Iran "has historically been the largest state sponsor of terrorism," said Borene, whose last job was as a senior executive in the Office of the Director of National Intelligence. "And they are the most active state sponsor of terrorism. So it's not without cause that people are investigating that thread."
Further complicating the picture have been attacks by Hezbollah—another organization receiving Iranian support—against northern Israel, which some say indicates a measure of coordination between Hamas and Hezbollah.
The fighting around the northern Israeli border is at a much smaller scale than in southern Israel near Gaza, the Palestinian coastal enclave to Israel's southwest. But the double-pronged attacks at both poles of Israel left many fearing a more widespread, regional escalation of violence.
"Hezbollah's response from southern Lebanon is not opportunistic," said Lina Khatib, director of the SOAS Middle East Institute at the University of London.
She said Hezbollah, which is a Shia Muslim organization, and Hamas, a Sunni group, have coordinated for years.
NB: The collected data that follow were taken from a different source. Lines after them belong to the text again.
theorem lemma3p9:
  fixes \<Omega> :: "'a::euclidean_space set" and q :: nat
    and k :: "'a \<times> 'a \<Rightarrow> real"
    and nY :: "real \<Rightarrow> nat" and Y :: "real \<Rightarrow> nat \<Rightarrow> 'a" and w :: "real \<Rightarrow> nat \<Rightarrow> real"
    and nX :: "real \<Rightarrow> nat" and X :: "real \<Rightarrow> nat \<Rightarrow> 'a"
    and R :: "real \<times> real \<Rightarrow> nat \<Rightarrow> nat \<Rightarrow> real"
    and CQ CI :: real
  assumes "open \<Omega>" and "bounded \<Omega>"
    and "Cq_on (\<Omega> \<times> \<Omega>) q k"
    and "\<And>hY i. hY > 0 \<Longrightarrow> i < nY hY \<Longrightarrow> Y hY i \<in> closure \<Omega>"
    and "filterlim nY at_top (at_right 0)"
    and "\<And>hY. hY > 0 \<Longrightarrow> (\<Sum>i<nY hY. \<bar>w hY i\<bar>) \<le> CQ"
    and "\<And>hX j. hX > 0 \<Longrightarrow> j < nX hX \<Longrightarrow> X hX j \<in> closure \<Omega>"
    and "\<And>hX hY i. hX > 0 \<Longrightarrow> hY > 0 \<Longrightarrow> i < nY hY \<Longrightarrow>
           (\<Sum>j<nX hX. \<bar>R (hX, hY) i j\<bar>) \<le> CI"
  shows "collectively_compact \<Omega> q {(hX, hY). hX > 0 \<and> hY > 0}
           (\<lambda>(hX, hY) v x. \<Sum>i<nY hY. w hY i * k (x, Y hY i) *
                              (\<Sum>j<nX hX. R (hX, hY) i j * v (X hX j)))"
proof -
  interpret Cq_kernel \<Omega> q k using assms(1-3) by unfold_locales
  let ?I = "{(hX, hY). hX > 0 \<and> hY > 0} :: (real \<times> real) set"
  let ?K = "\<lambda>(hX, hY) v x. \<Sum>i<nY hY. w hY i * k (x, Y hY i) * (\<Sum>j<nX hX. R (hX, hY) i j * v (X hX j))"
  have combination: "?K i v \<in> kernel_combinations (CQ * \<bar>CI\<bar> * Cq_norm \<Omega> q v)"
    if "i \<in> ?I" "Cq_on \<Omega> q v" for i v
    using that by (cases i) (auto intro!: quadrature_reconstruction_in_kernel_combinations assms(4,6-8))
  obtain C where C: "\<And>M f. f \<in> kernel_combinations M \<Longrightarrow> Cq_norm \<Omega> q f \<le> C * M"
    using Cq_norm_kernel_combinations_le by blast
  have "0 \<le> CQ" using order.trans[OF sum_nonneg assms(6)[of 1]] by simp
  show ?thesis
    unfolding collectively_compact_def
  proof (intro conjI ballI allI impI)
    show "Cq_on \<Omega> q (?K i v)" if "i \<in> ?I" "Cq_on \<Omega> q v" for i v
      using combination[OF that] by (rule kernel_combinations_Cq_on)
    show "?K i (\<lambda>y. a * v y + b * u y) x = a * ?K i v x + b * ?K i u x" for i v u a b x
      by (cases i) (simp add: sum.distrib sum_distrib_left algebra_simps)
    show "\<exists>C'. \<forall>v. Cq_on \<Omega> q v \<longrightarrow> Cq_norm \<Omega> q (?K i v) \<le> C' * Cq_norm \<Omega> q v" if "i \<in> ?I" for i
      using C[OF combination[OF that]] by (intro exI[of _ "C * CQ * \<bar>CI\<bar>"]) (simp add: mult.assoc)
    have "kernel_combinations (CQ * \<bar>CI\<bar> * Cq_norm \<Omega> q v) \<subseteq> kernel_combinations (CQ * \<bar>CI\<bar>)"
      if "Cq_norm \<Omega> q v \<le> 1" for v
      using that \<open>0 \<le> CQ\<close> by (intro kernel_combinations_mono) (simp add: mult_left_le)
    then show "Cq_relcompact \<Omega> q {?K i v | i v. i \<in> ?I \<and> Cq_on \<Omega> q v \<and> Cq_norm \<Omega> q v \<le> 1}"
      using combination by (intro Cq_relcompact_subset[OF Cq_relcompact_kernel_combinations]) blast
  qed
qed

end
lemma forces_persistent:
  assumes "nIML1_model Pi W N V" "w \<in> W" "atoms \<phi> \<subseteq> Pi" "forces N V w \<phi>" "v \<in> \<Inter>(N w)"
  shows "forces N V v \<phi>"
  using assms(3-5)
proof (induction \<phi> arbitrary: v)
  case (Atom q)
  then show ?case using nIML1_modelD(6)[OF assms(1,2)] by auto
next
  case (Imp a b)
  then show ?case using nIML1_modelD(4)[OF assms(1,2) Imp.prems(3)] by auto
next
  case (SImp a b)
  then show ?case using nIML1_modelD(5)[OF assms(1,2) SImp.prems(3)] by auto
next
  case (Delta a)
  then show ?case using nIML1_modelD(5)[OF assms(1,2) Delta.prems(3)] by auto
qed auto

lemma forces_modal_theory_of:
  assumes "a \<in> fm_upto Pi i" "b \<in> fm_upto Pi i"
  shows "forces N V x (Imp a b) \<longleftrightarrow> (\<forall>t \<in> theory_of Pi i N V ` \<Inter>(N x). a \<in> t \<longrightarrow> b \<in> t)"
    and "forces N V x (SImp a b) \<longleftrightarrow> (\<forall>t \<in> theory_of Pi i N V ` \<Union>(N x). a \<in> t \<longrightarrow> b \<in> t)"
    and "forces N V x (Delta a) \<longleftrightarrow> (\<forall>t \<in> theory_of Pi i N V ` \<Union>(N x). a \<in> t)"
  using assms unfolding theory_of_def by auto

lemma theory_of_0_eqI:
  assumes "{q \<in> Pi. x \<in> V q} = {q \<in> Pi. y \<in> V' q}"
  shows "theory_of Pi 0 N V x = theory_of Pi 0 N' V' y"
proof (rule theory_of_eqI)
  show "\<phi> \<in> fm_upto Pi 0 \<Longrightarrow> forces N V x \<phi> \<longleftrightarrow> forces N' V' y \<phi>" for \<phi>
    using assms by (induction \<phi>) (auto simp: fm_upto_def)
qed

lemma theory_of_Suc_eqI:
  assumes atoms_eq: "{q \<in> Pi. x \<in> V q} = {q \<in> Pi. y \<in> V' q}"
    and Inter_eq: "theory_of Pi i N V ` \<Inter>(N x) = theory_of Pi i N' V' ` \<Inter>(N' y)"
    and Union_eq: "theory_of Pi i N V ` \<Union>(N x) = theory_of Pi i N' V' ` \<Union>(N' y)"
  shows "theory_of Pi (Suc i) N V x = theory_of Pi (Suc i) N' V' y"
proof (rule theory_of_eqI)
  show "\<phi> \<in> fm_upto Pi (Suc i) \<Longrightarrow> forces N V x \<phi> \<longleftrightarrow> forces N' V' y \<phi>" for \<phi>
  proof (induction \<phi>)
    case (Imp a b)
    then have "a \<in> fm_upto Pi i" "b \<in> fm_upto Pi i" by simp_all
    then show ?case by (simp only: forces_modal_theory_of Inter_eq)
  next
    case (SImp a b)
    then have "a \<in> fm_upto Pi i" "b \<in> fm_upto Pi i" by simp_all
    then show ?case by (simp only: forces_modal_theory_of Union_eq)
  next
    case (Delta a)
    then have "a \<in> fm_upto Pi i" by simp
    then show ?case by (simp only: forces_modal_theory_of(3)[where b = a] Union_eq)
  qed (use atoms_eq in \<open>auto simp: fm_upto_def\<close>)
qed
Several analysts said both groups receive financial, military and rhetorical support from Iran.
On Sunday, Israel's ambassador to the United Nations, Gilad Erdan, said that Iranian President Ebrahim Raisi has met with Hamas leaders.
"We know that there were meetings in Syria and in Lebanon, if I remember correctly, with the other leaders of the terror armies that surround Israel," he said. Spokespeople for Hamas did not return requests for comment.
At a minimum, Iran has been supporting Hamas in general, even if it turns out they were not in the loop in the planning and preparation for this particular attack.
As of this writing, there is no “smoking gun” evidence linking Iran to the October 7 attacks aside from the initial (and as of yet uncorroborated) claims reported in the Wall Street Journal by Hamas members that IRGC personnel helped with planning them. There is a considerable amount of circumstantial evidence suggesting that Iran may have had a role in these attacks:
That Iran approves of the attacks and is hoping Hamas and Hezbollah will do more is documented by statements directly attributable to Iran’s leader Ayatollah Ali Khamenei.
That Iran has been supporting Hamas is established through statements made by Iran’s own foreign minister and by Hamas officials.
Did Iran help Hamas carry out the worst terrorist attack ever on Israeli soil? As of this writing, we cannot say with absolute certainty that they did. We cannot say Iran helped plan the attack nor can we say Iran green-lit the attack.
We can say that, without Iran’s overall support, it is highly unlikely Hamas would be in any position to even contemplate such a strike, let alone marshall the resources necessary to undertake such a strike.
Was Iran involved in the October 7 attack? Indirectly at least, yes, they were. The official reporting and the official narratives are not wrong in making that claim.
Whether their involvement was such as to warrant retaliation against Iran by Israel is a far less certain and far more murky question, with no satisfactory answers in either direction.